The rest of the ride passed in a grim, detached conversation about school, utterly mundane topics overlaying the raw, sticky trauma between them. Elijah made her talk, made her focus, preventing the spiral. He was managing his asset.

The train hissed to a final, tired halt.

"This is us," Elijah said, standing up.

He didn't offer her a hand. Akari, still stiff and sore, struggled to her feet. The remaining cash, the payment from the man, was still on the floor, untouched.

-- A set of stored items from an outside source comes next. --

lemma heine_mean_prefix_union:
  assumes "inj_on z {1..b}" "\<forall>j\<in>{1..b}. \<mu> j > 0" "a < b" "{1..b} \<subseteq> J" "a \<le> l"
  shows "heine_mean z \<mu> {S\<in>subsets_of_card J l. {1..a} \<subseteq> S \<and> S \<subseteq> {1..a} \<union> {a+1..b}} =
    (\<Prod>p\<in>{1..a}. - z p) * heine_mean z (muK_w z \<mu> a b) (subsets_of_card {a+1..b} (l - a))"
proof -
  define \<kappa> where "\<kappa> = heine_weight z \<mu> {1..a} *
    (\<Sum>r\<in>{a+1..b}. (\<Prod>p\<in>{1..a}. (cmod (z r - z p))^2) * \<mu> r) ^ (l - a)"
  have "\<kappa> \<noteq> 0"
    unfolding \<kappa>_def
    using heine_weight_pos[OF _ inj_on_subset[OF assms(1)], of "{1..a}" \<mu>] muK_normalizer_pos[OF assms(1-3)] assms(2,3)
    by auto
  have between: "(\<Sum>S\<in>{S\<in>subsets_of_card J l. {1..a} \<subseteq> S \<and> S \<subseteq> {1..a} \<union> {a+1..b}}. f S) =
      (\<Sum>T\<in>subsets_of_card {a+1..b} (l - a). f ({1..a} \<union> T))" for f :: "nat set \<Rightarrow> 'b :: comm_monoid_add"
  proof -
    have "{1..a} \<union> {a+1..b} \<subseteq> J" using assms(3,4) by auto
    then show ?thesis using sum_subsets_between[of "{1..a}" "{a+1..b}" J l f] assms(5) by simp
  qed
  have T: "finite T" "T \<subseteq> {a+1..b}" "card T = l - a" "{1..a} \<inter> T = {}"
    if "T \<in> subsets_of_card {a+1..b} (l - a)" for T
    using that by (auto simp: subsets_of_card_def intro: finite_subset)
  have weight: "heine_weight z \<mu> ({1..a} \<union> T) = \<kappa> * heine_weight z (muK_w z \<mu> a b) T"
    if "T \<in> subsets_of_card {a+1..b} (l - a)" for T
    using heine_weight_prefix_union[OF assms(1-3) T(2)[OF that]] T(3)[OF that] by (simp add: \<kappa>_def)
  have monomial: "(\<Prod>j\<in>{1..a} \<union> T. - z j) = (\<Prod>p\<in>{1..a}. - z p) * (\<Prod>j\<in>T. - z j)"
    if "T \<in> subsets_of_card {a+1..b} (l - a)" for T
    using T[OF that] by (simp add: prod.union_disjoint)
  have numerator: "(\<Sum>T\<in>subsets_of_card {a+1..b} (l - a).
        complex_of_real (heine_weight z \<mu> ({1..a} \<union> T)) * (\<Prod>j\<in>{1..a} \<union> T. - z j)) =
      complex_of_real \<kappa> * (\<Prod>p\<in>{1..a}. - z p) *
      (\<Sum>T\<in>subsets_of_card {a+1..b} (l - a). complex_of_real (heine_weight z (muK_w z \<mu> a b) T) * (\<Prod>j\<in>T. - z j))"
    unfolding sum_distrib_left by (rule sum.cong[OF refl]) (simp only: weight monomial of_real_mult mult_ac)
  have denominator: "(\<Sum>T\<in>subsets_of_card {a+1..b} (l - a). heine_weight z \<mu> ({1..a} \<union> T)) =
      \<kappa> * (\<Sum>T\<in>subsets_of_card {a+1..b} (l - a). heine_weight z (muK_w z \<mu> a b) T)"
    unfolding sum_distrib_left by (rule sum.cong[OF refl]) (simp only: weight)
  show ?thesis
    unfolding heine_mean_def between numerator denominator using \<open>\<kappa> \<noteq> 0\<close> by simp
qed
lemma sum_nontrivial_characters_lc_quot:
  assumes "a < length als" "b < length als"
  shows "(\<Sum>\<chi>\<in>nontrivial_characters. inverse (\<chi> (lc_quot a b)) * inverse (\<chi> (lc_quot b a)))
    = (if lc_quot a b * lc_quot b a = 1 then of_nat (card (UNIV :: 'a set)) - 1 else 0) - 1"
proof -
  have nonzero: "lc_quot a b \<noteq> 0" "lc_quot b a \<noteq> 0" using lc_quot_nonzero assms by simp_all
  have "inverse (\<chi> (lc_quot a b)) * inverse (\<chi> (lc_quot b a)) = \<chi> (inverse (lc_quot a b * lc_quot b a))"
    if "\<chi> \<in> nontrivial_characters" for \<chi>
    using that nonzero by (simp add: nontrivial_characters_def character_inverse character_mult)
  hence "(\<Sum>\<chi>\<in>nontrivial_characters. inverse (\<chi> (lc_quot a b)) * inverse (\<chi> (lc_quot b a)))
      = (\<Sum>\<chi>\<in>nontrivial_characters. \<chi> (inverse (lc_quot a b * lc_quot b a)))"
    by (rule sum.cong[OF refl])
  also have "\<dots> = (if inverse (lc_quot a b * lc_quot b a) = 1 then of_nat (card (UNIV :: 'a set)) - 1 else 0) - 1"
    using nonzero by (intro sum_nontrivial_characters) simp
  finally show ?thesis by (simp only: inverse_eq_1_iff)
qed

lemma card_lc_quot_off_diagonal_pairs:
  "card {(a, b). a \<noteq> b \<and> a < length als \<and> b < length als \<and> lc_quot a b * lc_quot b a = 1}
    = length als * (C_m m - 1)"
proof -
  have "{(a, b). a \<noteq> b \<and> a < length als \<and> b < length als \<and> lc_quot a b * lc_quot b a = 1}
      = (SIGMA a:{..<length als}. {b. b < length als \<and> b \<noteq> a \<and> lc_quot a b * lc_quot b a = 1})"
    by auto
  thus ?thesis by (simp add: card_lc_quot_pairs)
qed
(* Let $(C,F)$ be an antler in an undirected multigraph $G$, and let $G':=G-(C\cup F)$ and $S:=C$. Then (i) for every minimum feedback vertex set $S'$ of $G'$, the set $S\cup S'$ is a minimum feedback vertex set of $G$; and (ii) for every integer $z\ge0$ and every $z$-antler $(\hat C,\hat F)$ in $G$, there exists a $z$-antler $(C',F')$ in $G'$ with $C'\cup F'=(\hat C\cup\hat F)\cap V(G')$ and $|C'|=|\hat C|-|(\hat C\cup\hat F)\cap S|$.
   Context: A feedback vertex set (FVS) of $G$ is a set $X\subseteq V(G)$ with $G-X$ acyclic (self-loops and pairs of parallel edges count as cycles); $\mathrm{fvs}(G)$ is its minimum size. For disjoint $X,Y$, $e(X,Y)$ is the number of edges between $X$ and $Y$. A feedback vertex cut (FVC) in $G$ is a pair of disjoint sets $C,F\subseteq V(G)$ such that $G[F]$ is a forest and every tree $T$ of $G[F]$ satisfies $e(V(T),V(G)\setminus(C\cup F))\le1$. An antler is a FVC $(C,F)$ with $|C|\le\mathrm{fvs}(G[C\cup F])$. For $C\subseteq V(G)$, a $C$-certificate is a subgraph $H$ of $G$ such that $C$ is a minimum FVS of $H$; it has order $z$ if every component $H'$ of $H$ satisfies $\mathrm{fvs}(H')=|C\cap V(H')|\le z$. A $z$-antler is an antler $(C,F)$ such that $G[C\cup F]$ contains a $C$-certificate of order $z$. *)

theory Defs
  imports Main "HOL-Library.Multiset" "HOL-Library.Uprod"
begin

text \<open>A finite undirected multigraph: a vertex set together with a multiset of
unordered pairs of vertices (Upair v v is a self-loop; multiplicity > 1 means
parallel edges).\<close>

type_synonym 'a mgraph = "'a set \<times> 'a uprod multiset"
lemma ring_eigenfunctionI:
  fixes F \<phi> \<psi> :: "nat \<Rightarrow> real \<Rightarrow> real"
  assumes r: "r > 0" and lampos: "\<forall>j<r. lam j > 0"
    and F: "\<And>e x. F e x = (if on_ring r lam e x then \<phi> e x else 0)"
    and ode: "\<And>e x. (\<phi> e has_real_derivative \<psi> e x) (at x) \<and>
                     (\<psi> e has_real_derivative -(k\<^sup>2 * \<phi> e x)) (at x)"
    and cont: "\<And>j. j < r \<Longrightarrow> \<phi> (2*j) 0 = \<phi> (2*j+1) 0 \<and> \<phi> (2*j) (lam j / 2) = \<phi> (2*j+1) (lam j / 2) \<and>
                            \<phi> (2*j) (lam j / 2) = \<phi> (2 * ((j + 1) mod r)) 0"
    and kirchhoff: "\<And>j. j < r \<Longrightarrow> \<psi> (2 * ((j + 1) mod r)) 0 + \<psi> (2 * ((j + 1) mod r) + 1) 0
                                 = \<psi> (2*j) (lam j / 2) + \<psi> (2*j+1) (lam j / 2)"
  shows "ring_eigenfunction r lam k F"
  unfolding ring_eigenfunction_iff[OF r]
proof (intro conjI exI[of _ \<psi>])
  show "\<forall>e x. \<not> on_ring r lam e x \<longrightarrow> F e x = 0" using F by simp
  show "\<forall>e<2 * r. \<forall>x\<in>{0..lam (e div 2) / 2}.
          (F e has_real_derivative \<psi> e x) (at x within {0..lam (e div 2) / 2}) \<and>
          (\<psi> e has_real_derivative - (k\<^sup>2 * F e x)) (at x within {0..lam (e div 2) / 2})"
  proof (intro allI impI ballI conjI)
    fix e x assume e: "e < 2*r" and x: "x \<in> {0..lam (e div 2) / 2}"
    have eq: "\<phi> e x' = F e x'" if "x' \<in> {0..lam (e div 2) / 2}" for x'
      using F[of e x'] e that by auto
    have "(\<phi> e has_real_derivative \<psi> e x) (at x within {0..lam (e div 2) / 2})"
      using ode has_field_derivative_at_within by blast
    then show "(F e has_real_derivative \<psi> e x) (at x within {0..lam (e div 2) / 2})"
      by (rule has_field_derivative_transform_within[where d=1]) (use x eq in auto)
    have "(\<psi> e has_real_derivative -(k\<^sup>2 * \<phi> e x)) (at x within {0..lam (e div 2) / 2})"
      using ode has_field_derivative_at_within by blast
    then show "(\<psi> e has_real_derivative -(k\<^sup>2 * F e x)) (at x within {0..lam (e div 2) / 2})"
      using eq[OF x] by simp
  qed
  show "\<forall>j<r. F (2*j) 0 = F (2*j+1) 0 \<and> F (2*j) (lam j / 2) = F (2*j+1) (lam j / 2) \<and>
               F (2*j) (lam j / 2) = F (2 * ((j + 1) mod r)) 0"
  proof (intro allI impI)
    fix j assume j: "j < r"
    have "lam j > 0" using lampos j by auto
    moreover have "lam ((j + 1) mod r) > 0" using lampos r by auto
    ultimately have "F (2*j) 0 = \<phi> (2*j) 0" "F (2*j+1) 0 = \<phi> (2*j+1) 0"
      "F (2*j) (lam j / 2) = \<phi> (2*j) (lam j / 2)" "F (2*j+1) (lam j / 2) = \<phi> (2*j+1) (lam j / 2)"
      "F (2 * ((j + 1) mod r)) 0 = \<phi> (2 * ((j + 1) mod r)) 0"
      using F j r by simp_all
    then show "F (2*j) 0 = F (2*j+1) 0 \<and> F (2*j) (lam j / 2) = F (2*j+1) (lam j / 2) \<and>
               F (2*j) (lam j / 2) = F (2 * ((j + 1) mod r)) 0"
      using cont[OF j] by simp
  qed
  show "\<forall>j<r. \<psi> (2 * ((j + 1) mod r)) 0 + \<psi> (2 * ((j + 1) mod r) + 1) 0
               = \<psi> (2*j) (lam j / 2) + \<psi> (2*j+1) (lam j / 2)"
    using kirchhoff by blast
qed

lemma ring_pos_succ_trig:
  assumes j: "j < r" and period: "cos (k * ring_pos lam r) = 1"
  shows "cos (k * (ring_pos lam j + lam j / 2)) = cos (k * ring_pos lam ((j + 1) mod r))"
    and "sin (k * (ring_pos lam j + lam j / 2)) = sin (k * ring_pos lam ((j + 1) mod r))"
proof -
  have "sin (k * ring_pos lam r) = 0"
    using period sin_cos_squared_add[of "k * ring_pos lam r"] by simp
  moreover have "ring_pos lam j + lam j / 2 = ring_pos lam (j + 1)" by (simp add: ring_pos_Suc)
  moreover have "j + 1 = r \<or> (j + 1) mod r = j + 1" using j by (cases "j + 1 < r") auto
  ultimately show "cos (k * (ring_pos lam j + lam j / 2)) = cos (k * ring_pos lam ((j + 1) mod r))"
    and "sin (k * (ring_pos lam j + lam j / 2)) = sin (k * ring_pos lam ((j + 1) mod r))"
    using period by auto
qed

lemma ring_wave_eigenfunction:
  assumes r: "r > 0" and lampos: "\<forall>j<r. lam j > 0" and period: "cos (k * ring_pos lam r) = 1"
  shows "ring_eigenfunction r lam k (ring_wave r lam k A B)"
proof (rule ring_eigenfunctionI[OF r lampos,
      where \<phi> = "\<lambda>e x. A * cos (k * (ring_pos lam (e div 2) + x)) + B * sin (k * (ring_pos lam (e div 2) + x))"
        and \<psi> = "\<lambda>e x. k * (B * cos (k * (ring_pos lam (e div 2) + x)) - A * sin (k * (ring_pos lam (e div 2) + x)))"])
  show "ring_wave r lam k A B e x = (if on_ring r lam e x
          then A * cos (k * (ring_pos lam (e div 2) + x)) + B * sin (k * (ring_pos lam (e div 2) + x)) else 0)"
    for e x
    by (simp add: ring_wave_def)
  show "((\<lambda>x. A * cos (k * (ring_pos lam (e div 2) + x)) + B * sin (k * (ring_pos lam (e div 2) + x)))
          has_real_derivative k * (B * cos (k * (ring_pos lam (e div 2) + x)) - A * sin (k * (ring_pos lam (e div 2) + x)))) (at x) \<and>
        ((\<lambda>x. k * (B * cos (k * (ring_pos lam (e div 2) + x)) - A * sin (k * (ring_pos lam (e div 2) + x))))
          has_real_derivative - (k\<^sup>2 * (A * cos (k * (ring_pos lam (e div 2) + x)) + B * sin (k * (ring_pos lam (e div 2) + x))))) (at x)"
    for e x
    by (auto intro!: derivative_eq_intros simp: power2_eq_square algebra_simps)
  fix j assume j: "j < r"
  note wrap = ring_pos_succ_trig[OF j period]
  show "A * cos (k * (ring_pos lam (2 * j div 2) + 0)) + B * sin (k * (ring_pos lam (2 * j div 2) + 0)) =
          A * cos (k * (ring_pos lam ((2 * j + 1) div 2) + 0)) + B * sin (k * (ring_pos lam ((2 * j + 1) div 2) + 0)) \<and>
        A * cos (k * (ring_pos lam (2 * j div 2) + lam j / 2)) + B * sin (k * (ring_pos lam (2 * j div 2) + lam j / 2)) =
          A * cos (k * (ring_pos lam ((2 * j + 1) div 2) + lam j / 2)) + B * sin (k * (ring_pos lam ((2 * j + 1) div 2) + lam j / 2)) \<and>
        A * cos (k * (ring_pos lam (2 * j div 2) + lam j / 2)) + B * sin (k * (ring_pos lam (2 * j div 2) + lam j / 2)) =
          A * cos (k * (ring_pos lam (2 * ((j + 1) mod r) div 2) + 0)) + B * sin (k * (ring_pos lam (2 * ((j + 1) mod r) div 2) + 0))"
    using wrap by simp
  show "k * (B * cos (k * (ring_pos lam (2 * ((j + 1) mod r) div 2) + 0)) - A * sin (k * (ring_pos lam (2 * ((j + 1) mod r) div 2) + 0))) +
        k * (B * cos (k * (ring_pos lam ((2 * ((j + 1) mod r) + 1) div 2) + 0)) - A * sin (k * (ring_pos lam ((2 * ((j + 1) mod r) + 1) div 2) + 0))) =
        k * (B * cos (k * (ring_pos lam (2 * j div 2) + lam j / 2)) - A * sin (k * (ring_pos lam (2 * j div 2) + lam j / 2))) +
        k * (B * cos (k * (ring_pos lam ((2 * j + 1) div 2) + lam j / 2)) - A * sin (k * (ring_pos lam ((2 * j + 1) div 2) + lam j / 2)))"
    using wrap by simp
qed

lemma loop_mode_eigenfunction:
  assumes r: "r > 0" and lampos: "\<forall>j<r. lam j > 0" and resonant: "sin (k * (lam i / 2)) = 0"
  shows "ring_eigenfunction r lam k (loop_mode r lam k i)"
proof (rule ring_eigenfunctionI[OF r lampos,
      where \<phi> = "\<lambda>e x. if e div 2 = i then (-1) ^ e * sin (k * x) else 0"
        and \<psi> = "\<lambda>e x. if e div 2 = i then (-1) ^ e * (k * cos (k * x)) else 0"])
  show "loop_mode r lam k i e x = (if on_ring r lam e x then (if e div 2 = i then (-1) ^ e * sin (k * x) else 0) else 0)"
    for e x
    unfolding loop_mode_def by (cases "e div 2 = i") simp_all
  show "((\<lambda>x. if e div 2 = i then (-1) ^ e * sin (k * x) else 0)
          has_real_derivative (if e div 2 = i then (-1) ^ e * (k * cos (k * x)) else 0)) (at x) \<and>
        ((\<lambda>x. if e div 2 = i then (-1) ^ e * (k * cos (k * x)) else 0)
          has_real_derivative - (k\<^sup>2 * (if e div 2 = i then (-1) ^ e * sin (k * x) else 0))) (at x)"
    for e x
    by (cases "e div 2 = i") (auto intro!: derivative_eq_intros simp: power2_eq_square)
  fix j assume "j < r"
  show "(if 2 * j div 2 = i then (-1) ^ (2 * j) * sin (k * 0) else 0) =
          (if (2 * j + 1) div 2 = i then (-1) ^ (2 * j + 1) * sin (k * 0) else 0) \<and>
        (if 2 * j div 2 = i then (-1) ^ (2 * j) * sin (k * (lam j / 2)) else 0) =
          (if (2 * j + 1) div 2 = i then (-1) ^ (2 * j + 1) * sin (k * (lam j / 2)) else 0) \<and>
        (if 2 * j div 2 = i then (-1) ^ (2 * j) * sin (k * (lam j / 2)) else 0) =
          (if 2 * ((j + 1) mod r) div 2 = i then (-1) ^ (2 * ((j + 1) mod r)) * sin (k * 0) else 0)"
    using resonant by auto
  show "(if 2 * ((j + 1) mod r) div 2 = i then (-1) ^ (2 * ((j + 1) mod r)) * (k * cos (k * 0)) else 0) +
        (if (2 * ((j + 1) mod r) + 1) div 2 = i then (-1) ^ (2 * ((j + 1) mod r) + 1) * (k * cos (k * 0)) else 0) =
        (if 2 * j div 2 = i then (-1) ^ (2 * j) * (k * cos (k * (lam j / 2))) else 0) +
        (if (2 * j + 1) div 2 = i then (-1) ^ (2 * j + 1) * (k * cos (k * (lam j / 2))) else 0)"
    by simp
qed

lemma sum_loop_mode:
  assumes "finite J"
  shows "(\<Sum>j\<in>J. \<alpha> j * loop_mode r lam k j e x)
       = (if e div 2 \<in> J then \<alpha> (e div 2) * loop_mode r lam k (e div 2) e x else 0)"
proof -
  have "(\<Sum>j\<in>J. \<alpha> j * loop_mode r lam k j e x)
      = (\<Sum>j\<in>J. if j = e div 2 then \<alpha> (e div 2) * loop_mode r lam k (e div 2) e x else 0)"
    by (rule sum.cong) (simp_all add: loop_mode_def)
  then show ?thesis using assms by simp
qed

"You left your money," Elijah noted, nodding at the bills.

Akari didn't look down. "You keep it. It's dirty."

Elijah only shrugged, picking the bills up. "Money is money, Akari. It just made people do all sorts of things back there. Same as always." He put the cash away with his own stolen haul.

He stepped out onto the concrete platform without waiting. Akari followed, a haunted, silent shadow, stepping out of the train's dead light into the colder, open air of the station. She was breathing hard, every step a painful effort.

The city waited, dark and indifferent.

Akari's breath hitched sharply as her bruised thighs burned with every dragging step. She kept her eyes fixed on Elijah's backpack—the frayed straps were safer than the hungry shadows pooling beneath the broken station lights.

Elijah didn't slow his stride, forcing her to hobble faster until she stumbled against a graffiti-smeared pillar. He paused, turning back with an expression like a bored clerk assessing damaged inventory. "You move like wet laundry dragged through the dirt—heavy and too slow," he remarked, plucking a discarded soda can from a bench. "Hold this. Looks less suspicious than clutching yourself."